Over evolutionary time, brains would continue to increase not only in size, but more importantly in learning capacity, until limited by the bad evolutionary consequences of not being able to fit through the birth canal. Thus we get the evolution of Homo Sapiens.
This question needs more research. However, I have the impression that there is a term, such as total activation, that is easy to derive from a neural network. When the network starts up, and has no particular predictive ability, this term has a small value. As the network learns, this term increases in value. But as the network converges to a state of expertise, the coefficients move towards zero and one, and the total activation decreases again. The magnitude of this total activation term thus corresponds approximately to the first derivative of predictive accuracy.
If total activation can be tied to, say, dopamine release, this would provide the required link between learning rate and reward.
This essay might be considered a Just So story.
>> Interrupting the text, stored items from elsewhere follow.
(* Let $\varepsilon=\varepsilon(n)$ satisfy $\varepsilon\le1$ and $n\varepsilon\to\infty$. In the variable-processor cup game on $n$ cups with $\varepsilon$ resource augmentation, suppose the emptier uses proportional emptying and the filler always places at least $1/n^2$ units of water into every cup in every round. Then there is a constant $C$ such that at any time $t$ the backlog is at most $C\varepsilon^{-1}\log n$ with probability at least $1-1/\mathrm{poly}(n)$ (high probability in $n$), against any adaptive filler.
   Context: Variable-processor cup game with $\varepsilon$ resource augmentation: nonnegative real fills, initially $0$; each round the filler chooses an integer $1\le p\le n$ and reals $q_1,\dots,q_n\in[0,1]$ with $\sum q_j=p$ and adds $q_j$ to cup $j$; then the emptier chooses $p$ distinct cups and replaces each of their fills $x$ by $\max(0,x-(1+\varepsilon))$. Backlog = maximum fill. The filler is adaptive (sees the outcomes of the emptier's previous random choices). Proportional emptying: in each round the emptier selects a random set of $p$ distinct cups such that each cup $j$ is included with probability exactly $q_j$ (such a distribution exists). *)

theory Defs
  imports "HOL-Probability.Probability"
begin

text \<open>Histories: the list of sets of cups emptied in rounds 0,1,...
  A (deterministic, adaptive) filler strategy maps a history to the pair (p, q)
  chosen in the next round.\<close>

type_synonym history = "nat set list"
type_synonym filler = "history \<Rightarrow> nat \<times> (nat \<Rightarrow> real)"
type_synonym emptier = "history \<Rightarrow> nat set pmf"

primrec fills_pref :: "filler \<Rightarrow> real \<Rightarrow> history \<Rightarrow> nat \<Rightarrow> (nat \<Rightarrow> real)" where
  "fills_pref F e h 0 = (\<lambda>j. 0)"
| "fills_pref F e h (Suc k) =
     (\<lambda>j. let x = fills_pref F e h k j + snd (F (take k h)) j
          in if j \<in> h ! k then max 0 (x - (1 + e)) else x)"

definition fills :: "filler \<Rightarrow> real \<Rightarrow> history \<Rightarrow> (nat \<Rightarrow> real)" where
  "fills F e h = fills_pref F e h (length h)"

definition backlog :: "nat \<Rightarrow> filler \<Rightarrow> real \<Rightarrow> history \<Rightarrow> real" where
  "backlog n F e h = Max ((\<lambda>j. fills F e h j) ` {..<n})"

primrec hist_pmf :: "emptier \<Rightarrow> nat \<Rightarrow> history pmf" where
  "hist_pmf E 0 = return_pmf []"
| "hist_pmf E (Suc t) = bind_pmf (hist_pmf E t) (\<lambda>h. map_pmf (\<lambda>S. h @ [S]) (E h))"

definition valid_filler :: "nat \<Rightarrow> filler \<Rightarrow> bool" where
  "valid_filler n F \<longleftrightarrow> (\<forall>h. 1 \<le> fst (F h) \<and> fst (F h) \<le> n
      \<and> (\<forall>j<n. 0 \<le> snd (F h) j \<and> snd (F h) j \<le> 1 \<and> 1 / (real n)^2 \<le> snd (F h) j)
      \<and> (\<Sum>j<n. snd (F h) j) = real (fst (F h)))"

definition proportional_emptier :: "nat \<Rightarrow> filler \<Rightarrow> emptier \<Rightarrow> bool" where
  "proportional_emptier n F E \<longleftrightarrow> (\<forall>h.
      (\<forall>S\<in>set_pmf (E h). S \<subseteq> {..<n} \<and> card S = fst (F h))
      \<and> (\<forall>j<n. measure_pmf.prob (E h) {S. j \<in> S} = snd (F h) j))"

end

theory Submission
  imports Defs
begin
text \<open>Second step: the stabiliser of w also carries the p-part p^k, so its Frobenius
  exponents include s; i.e. some twisted Frobenius power T \<alpha> s in H fixes w.\<close>
lemma exceptional_twisted_frobenius:
  assumes H: "subgroup H (fgroup G)" and exc: "p_exceptional p H"
    and "p ^ k dvd card H" "d = p ^ k * s"
  obtains \<alpha> where "T \<alpha> s \<in> H" "T \<alpha> s w = w"
proof -
  obtain r where r: "r > 0" "r dvd d" "card {h \<in> H. h w = w} = d div r"
    and exps: "\<And>i. (\<exists>a. T a i \<in> H \<and> T a i w = w) \<longleftrightarrow> r dvd i"
    using stabilizer_exponents[OF H w_nonzero] by blast
  have "p ^ k dvd d div r"
    using exceptional_stabilizer_p_part[OF exc subgroupD(2,3)[OF H] assms(3), of w] r(3) by simp
  then obtain c where "d div r = p ^ k * c" by blast
  then have "p ^ k * s = p ^ k * (r * c)" using assms(4) r(2) by (metis dvd_mult_div_cancel mult.left_commute)
  then have "r dvd s" using p_ge2 by simp
  then show ?thesis using exps that by blast
qed

lemma twist_exponent:
  assumes H: "subgroup H (fgroup G)" and scalar: "\<And>a. T a 0 \<in> H \<longleftrightarrow> m dvd a" and "m dvd N"
    and "T 0 s \<in> H" "s dvd d" "T \<alpha> s \<in> H" "T \<alpha> s w = w"
  shows "m dvd p ^ s - 1"
proof -
  have "m dvd \<alpha>" using strip_frobenius[OF H assms(4,5), of \<alpha> 1] assms(6) scalar by simp
  have "w ^ (\<alpha> + p ^ s) = w ^ 1" using assms(7) T_power[of \<alpha> s 1] by simp
  then have "(\<alpha> + p ^ s) mod N mod m = 1 mod N mod m" by (simp only: w_pow_eq_iff)
  then have "(\<alpha> + p ^ s) mod m = 1 mod m" by (simp only: mod_mod_cancel[OF \<open>m dvd N\<close>])
  then have "p ^ s mod m = 1 mod m" using \<open>m dvd \<alpha>\<close> by (auto elim!: dvdE)
  moreover have "1 \<le> p ^ s" using p_ge2 by simp
  ultimately show ?thesis by (simp only: mod_eq_dvd_iff_nat)
qed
A great deal of careful research is needed to transform it into a scientific hypothesis and evaluate it properly. But what does it offer?
If this story is correct, then the key step in the evolution of Homo Sapiens can be explained by a single mutation, making the act of learning a source of intrinsic reward. (Go back and watch this ecstatic video.) The evolutionary fitness advantages of big brains are simply side-effects of an increasing ability to drink from that particular source of sensual pleasure.
[Schmidhuber, 1991] J. Schmidhuber. Curious model-building control systems. In Proc. Int. J. Conf. Neural Networks, 1991.
[Vygotsky, 1978] L. S. Vygotsky. Mind and Society: The Development of Higher Psychological Processes. Cambridge MA: Harvard University Press, 1978.